2000 OPEN FORUM Abstracts
How to Respond to a Request for Proposal (RFP) for a Capitated Contract
Patrick J. Dunne, MEd, RRT, FAARC Fullerton, California
When first entering the managed care arena, providers of home medical and respiratory therapy equipment (HME/RT) services typically work under one of two reimbursement models -- a discounted fee-for-service contract or a risk-sharing, pre-paid capitation contract. In the former, a percentage discount is negotiated off of the Medicare Fee Schedule for durable medical equipment, prosthetics, orthotics and supplies (DMEPOS) for a given year. Such a discounted fee-for-service arrangement between an HME/RT provider and a managed care organization (MCO) can last for several years. However, as the number of individuals ("members" or "covered lives") enrolled in the MCO grows into the tens of thousands, talks generally shift toward establishing a risk-sharing, pre-paid capitated contract. Under this model, the HME/RT provider is paid a fixed monthly amount based upon the total number of covered lives and the negotiated per member per month rate ("PMPM rate"). To avoid getting into a serious money-losing situation, there are several important steps that must be taken by HME/RT providers when responding to a Request for Proposal (RFP) for a risk-sharing capitated contract.

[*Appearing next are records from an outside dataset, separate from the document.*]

lemma quad_map_fixed_point_eq:
  assumes sym: "sym_on N G" and fp: "\<forall>i<N. \<forall>j<N. Y (i,j) = quad_map N s G Y (i,j)"
    and ij: "i < N" "j < N"
  shows "i < j \<Longrightarrow> Y (i,j) = 0"
    and "Y (i,j) + Y (j,i) = G (i,j) + sprod N s Y Y (i,j)"
proof -
  show "i < j \<Longrightarrow> Y (i,j) = 0" using fp ij by (simp add: quad_map_def low_half_def)
  have "G (j,i) = G (i,j)" "sprod N s Y Y (j,i) = sprod N s Y Y (i,j)"
    using sym sym_on_sprod[of N s Y] ij unfolding sym_on_def by auto
  moreover consider "j < i" | "i = j" | "i < j" by linarith
  ultimately show "Y (i,j) + Y (j,i) = G (i,j) + sprod N s Y Y (i,j)"
    using fp ij by cases (auto simp: quad_map_def low_half_def)
qed

lemma mult_mat_entry:
  assumes "A \<in> carrier_mat a k" "B \<in> carrier_mat k b" "i < a" "j < b"
  shows "(A * B) $$ (i,j) = (\<Sum>l<k. A $$ (i,l) * B $$ (l,j))"
  using assms by (simp add: scalar_prod_def atLeast0LessThan)

lemma frob_norm_fnorm:
  assumes "A \<in> carrier_mat N N"
  shows "frob_norm A = fnorm N (\<lambda>p. A $$ p)"
  using assms fnorm_sq[of N "\<lambda>p. A $$ p"] fnorm_nonneg[of N "\<lambda>p. A $$ p"]
  by (simp add: frob_norm_def real_sqrt_unique)

lemma frob_norm_mult:
  assumes "A \<in> carrier_mat N N" "B \<in> carrier_mat N N"
  shows "frob_norm (A * B) \<le> frob_norm A * frob_norm B"
proof -
  have "frob_norm (A * B) = fnorm N (sprod N (\<lambda>_. 1) (\<lambda>p. A $$ p) (\<lambda>(i,j). B $$ (j,i)))"
    unfolding frob_norm_fnorm[OF mult_carrier_mat[OF assms]]
    by (rule fnorm_cong) (simp add: sprod_def mult_mat_entry[OF assms])
  also have "\<dots> \<le> fnorm N (\<lambda>p. A $$ p) * fnorm N (\<lambda>(i,j). B $$ (j,i))"
    by (rule fnorm_sprod) simp
  finally show ?thesis
    unfolding fnorm_transpose frob_norm_fnorm[OF assms(1)] frob_norm_fnorm[OF assms(2)] .
qed

lemma frob_norm_mono:
  assumes "A \<in> carrier_mat N N" "B \<in> carrier_mat N N" "abs_mat A \<le> B"
  shows "frob_norm A \<le> frob_norm B"
  unfolding frob_norm_fnorm[OF assms(1)] frob_norm_fnorm[OF assms(2)]
  using assms by (intro fnorm_mono) (auto simp: less_eq_mat_def abs_mat_def)

lemma frob_norm_smult:
  assumes "A \<in> carrier_mat N N" "0 \<le> c"
  shows "frob_norm (c \<cdot>\<^sub>m A) = c * frob_norm A"
proof -
  have "fnorm N (\<lambda>p. (c \<cdot>\<^sub>m A) $$ p) = fnorm N (\<lambda>p. c * A $$ p)"
    by (rule fnorm_cong) (use assms in simp)
  thus ?thesis
    unfolding frob_norm_fnorm[OF assms(1)] frob_norm_fnorm[OF smult_carrier_mat[OF assms(1)]]
    using assms(2) by (simp add: fnorm_def L2_set_right_distrib)
qed

lemma abs_mat_carrier [simp]: "abs_mat A \<in> carrier_mat a b \<longleftrightarrow> A \<in> carrier_mat a b"
  unfolding abs_mat_def carrier_mat_def by simp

First, it is absolutely essential to clearly and precisely determine in writing what products, accessories, supplies and services the MCO is expecting to be covered under the capitated contract ("the cap"), as well as those that are to be excluded ("carve outs"). It is important to note that often, what the MCO determines to be covered under the cap may differ drastically from the coverage expectations of other contracted providers (e.g. hospitals and physician groups) and such discrepancies must be addressed at the outset if a profitable PMPM rate is to be negotiated. For example, it is not at all uncommon for hospitals and physician groups, in an attempt to reduce their own utilization, to start using HME/RT services more aggressively than would otherwise be the case.
A second vital issue to initially determine is what coverage guidelines are to be used to establish medically necessity to govern utilization of the HME/RT benefit. For Medicare-enrolled members, ("senior lives") the issue is straightforward since MCOs are required to follow existing Medicare coverage guidelines. However, the issue becomes somewhat fuzzy for non-Medicare or commercial members, since MCOs may well have their own set of coverage criteria based upon the different health plans they offer. All existing coverage criteria for all commercial plans must be identified, as well as the number of senior and commercial lives that are to be covered under the contract.
Another required element to establish at the outset is the historical utilization of the HME/RT benefit by the various hospitals and physician groups providing care to enrolled members. This information is important for two reasons. First, existing rental equipment previously provided by other companies will need to be exchanged once the capitated contract is implemented. Secondly, historical utilization data (if indeed at all available!) will provide valuable insight into the attitudes and expectations of other contracted providers working with the MCO, as well as those of the MCO itself.
Entering into risk-sharing capitated contracts is risky business and not for the feint of heart or inexperienced. Failure to exercise due diligence or to not utilize experienced personnel during the preparation process can be, and regrettably often is, a recipe for disaster.